The Correct Option is C

Step 1: Understand the region

The curve $y^2 + z^2 = 1$ is a circle of radius 1 centered at the origin in the $yz$ plane.

For $y \geq 0$, we have the upper semicircle.

The line $y = \frac{1}{2}$ intersects the circle where: $$\left(\frac{1}{2}\right)^2 + z^2 = 1$$ $$z^2 = 1 - \frac{1}{4} = \frac{3}{4}$$ $$z = \pm\frac{\sqrt{3}}{2}$$

So the region $D$ is bounded by:

• The line $y = \frac{1}{2}$ (horizontal line)
• The arc of the circle from $\left(\frac{1}{2}, -\frac{\sqrt{3}}{2}\right)$ to $\left(\frac{1}{2}, \frac{\sqrt{3}}{2}\right)$

Step 2: Set up the volume integral

When revolving around the $z$-axis, we use the washer method with $z$ as the variable of integration.

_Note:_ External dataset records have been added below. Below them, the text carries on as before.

lemma grid_majorant_cell:
  assumes "u \<in> grid_cell N k"
  shows "grid_majorant G D \<gamma> M N u = D * (indicator {0..1 / real N} u * u powr - \<gamma>)
      + (if k \<in> {1..<N - 1} then G (real k / real N) - G (real (Suc k) / real N) else 0)
      + (if k = N - 1 then M else 0)"
proof -
  have inner_cells: "(\<Sum>i\<in>{1..<N - 1}.
      (G (real i / real N) - G (real (Suc i) / real N)) * indicator (grid_cell N i) u) =
      (if k \<in> {1..<N - 1} then G (real k / real N) - G (real (Suc k) / real N) else 0)"
    by (rule sum_indicator_grid_cell[OF _ assms]) simp
  have last_cell: "indicator (grid_cell N (N - 1)) u = (if k = N - 1 then 1 else 0)"
    using assms by (auto simp: indicator_def dest: grid_cell_unique[OF assms])
  show ?thesis
    unfolding grid_majorant_def inner_cells last_cell by simp
qed

lemma abs_le_grid_majorant:
  fixes G h :: "real \<Rightarrow> real"
  assumes G_anti: "antimono_on {0<..<1} G"
    and G_nonneg: "\<And>u. 0 < u \<Longrightarrow> u < 1 \<Longrightarrow> 0 \<le> G u"
    and G_le: "\<And>u. 0 < u \<Longrightarrow> u < 1 \<Longrightarrow> G u \<le> D * u powr - \<gamma>"
    and "0 \<le> D" "0 \<le> M" and N: "2 \<le> N"
    and h_inner: "\<And>u. 0 < u \<Longrightarrow> u < 1 \<Longrightarrow> grid_round N u < 1 \<Longrightarrow>
      \<bar>h u\<bar> \<le> G u - G (grid_round N u)"
    and h_last: "\<And>u. 0 < u \<Longrightarrow> u < 1 \<Longrightarrow> grid_round N u = 1 \<Longrightarrow> \<bar>h u\<bar> \<le> M"
  shows "\<bar>indicator {0<..<1} u * h u\<bar> \<le> grid_majorant G D \<gamma> M N u"
proof (cases "0 < u \<and> u < 1")
  case False
  then show ?thesis
    using grid_majorant_nonneg[OF G_anti \<open>0 \<le> D\<close> \<open>0 \<le> M\<close>, of \<gamma> N u] by simp
next
  case True
  then have u: "0 < u" "u < 1" by auto
  obtain k where k: "k < N" "u \<in> grid_cell N k" "grid_round N u = real (Suc k) / real N"
    using grid_round_cell[of N u] N u by auto
  have u_cell: "real k / real N < u" "u \<le> real (Suc k) / real N"
    using k(2) by (auto simp: grid_cell_def)
  note majorant = grid_majorant_cell[OF k(2), of G D \<gamma> M]
  have singular_nonneg: "0 \<le> D * (indicator {0..1 / real N} u * u powr - \<gamma>)"
    using \<open>0 \<le> D\<close> by simp
  consider "k = N - 1" | "k = 0" | "k \<in> {1..<N - 1}"
    using k N by fastforce
  then show ?thesis
  proof cases
    case 1
    then have "grid_round N u = 1"
      using k(3) N by simp
    then show ?thesis
      using h_last[OF u] majorant singular_nonneg 1 u by simp
  next
    case 2
    then have "\<bar>h u\<bar> \<le> G u - G (1 / real N)"
      using h_inner[OF u] k(3) N by simp
    also have "\<dots> \<le> D * u powr - \<gamma>"
      using G_nonneg[of "1 / real N"] G_le[OF u] N by simp
    finally show ?thesis
      using majorant u u_cell 2 N by (simp add: indicator_def)
  next
    case 3
    then have "real (Suc k) < real N"
      by (simp only: of_nat_less_iff) auto
    then have "grid_round N u < 1"
      using k(3) N by (simp add: divide_less_eq)
    then have "\<bar>h u\<bar> \<le> G u - G (real (Suc k) / real N)"
      using h_inner[OF u] k(3) by simp
    also have "\<dots> \<le> G (real k / real N) - G (real (Suc k) / real N)"
      using 3 u_cell u N by (auto intro!: monotone_onD[OF G_anti])
    finally show ?thesis
      using majorant singular_nonneg u 3 by simp
  qed
qed

lemma integral_grid_majorant_le:
  assumes G_nonneg: "\<And>u. 0 < u \<Longrightarrow> u < 1 \<Longrightarrow> 0 \<le> G u"
    and G_le: "\<And>u. 0 < u \<Longrightarrow> u < 1 \<Longrightarrow> G u \<le> D * u powr - \<gamma>"
    and "0 \<le> \<gamma>" "\<gamma> < 1" "0 \<le> M" and N: "2 \<le> N"
  shows "integral\<^sup>L lborel (grid_majorant G D \<gamma> M N) \<le> (D / (1 - \<gamma>) + D + M) * real N powr - (1 - \<gamma>)"
proof -
  have "G (1 / real N) - G (real (N - 1) / real N) \<le> D * (1 / real N) powr - \<gamma>"
    using G_nonneg[of "real (N - 1) / real N"] G_le[of "1 / real N"] N by (simp add: field_simps)
  also have "\<dots> = D * real N powr \<gamma>"
    using N by (simp add: powr_divide powr_minus_divide)
  finally have "(G (1 / real N) - G (real (N - 1) / real N)) / real N \<le> D * (real N powr \<gamma> / real N)"
    using N by (simp add: divide_right_mono)
  also have "real N powr \<gamma> / real N = real N powr - (1 - \<gamma>)"
    using N by (simp add: powr_diff powr_minus_divide)
  finally have telescoped:
    "(G (1 / real N) - G (real (N - 1) / real N)) / real N \<le> D * real N powr - (1 - \<gamma>)" .
  have "1 / real N \<le> real N powr - (1 - \<gamma>)"
    using powr_mono[of "-1" "- (1 - \<gamma>)" "real N"] N \<open>0 \<le> \<gamma>\<close> by (simp add: powr_minus_divide)
  then have "M / real N \<le> M * real N powr - (1 - \<gamma>)"
    using mult_left_mono[OF _ \<open>0 \<le> M\<close>] by (simp add: divide_inverse)
  with telescoped show ?thesis
    using integral_grid_majorant(2)[OF N \<open>\<gamma> < 1\<close>, where G = G and D = D and M = M]
    by (simp add: algebra_simps add_divide_distrib)
qed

For a given $z \in \left[-\frac{\sqrt{3}}{2}, \frac{\sqrt{3}}{2}\right]$:

• Outer radius: $R(z) = y$ on the circle, so $y = \sqrt{1 - z^2}$
• Inner radius: $r(z) = \frac{1}{2}$

The volume is: $$V = \pi \int_{-\sqrt{3}/2}^{\sqrt{3}/2} \left[R(z)^2 - r(z)^2\right] dz$$

$$V = \pi \int_{-\sqrt{3}/2}^{\sqrt{3}/2} \left[(1-z^2) - \frac{1}{4}\right] dz$$

$$V = \pi \int_{-\sqrt{3}/2}^{\sqrt{3}/2} \left[\frac{3}{4} - z^2\right] dz$$

Step 3: Evaluate the integral

$$V = \pi \left[\frac{3z}{4} - \frac{z^3}{3}\right]_{-\sqrt{3}/2}^{\sqrt{3}/2}$$

By symmetry (the integrand is even): $$V = 2\pi \left[\frac{3z}{4} - \frac{z^3}{3}\right]_{0}^{\sqrt{3}/2}$$

$$V = 2\pi \left[\frac{3 \cdot \frac{\sqrt{3}}{2}}{4} - \frac{\left(\frac{\sqrt{3}}{2}\right)^3}{3}\right]$$

$$V = 2\pi \left[\frac{3\sqrt{3}}{8} - \frac{\frac{3\sqrt{3}}{8}}{3}\right]$$

$$V = 2\pi \left[\frac{3\sqrt{3}}{8} - \frac{3\sqrt{3}}{24}\right]$$

$$V = 2\pi \left[\frac{9\sqrt{3}}{24} - \frac{3\sqrt{3}}{24}\right]$$

$$V = 2\pi \left[\frac{6\sqrt{3}}{24}\right]$$

$$V = 2\pi \cdot \frac{\sqrt{3}}{4}$$

$$V = \frac{2\pi\sqrt{3}}{4} = \frac{\pi\sqrt{3}}{2}$$

Answer: (C)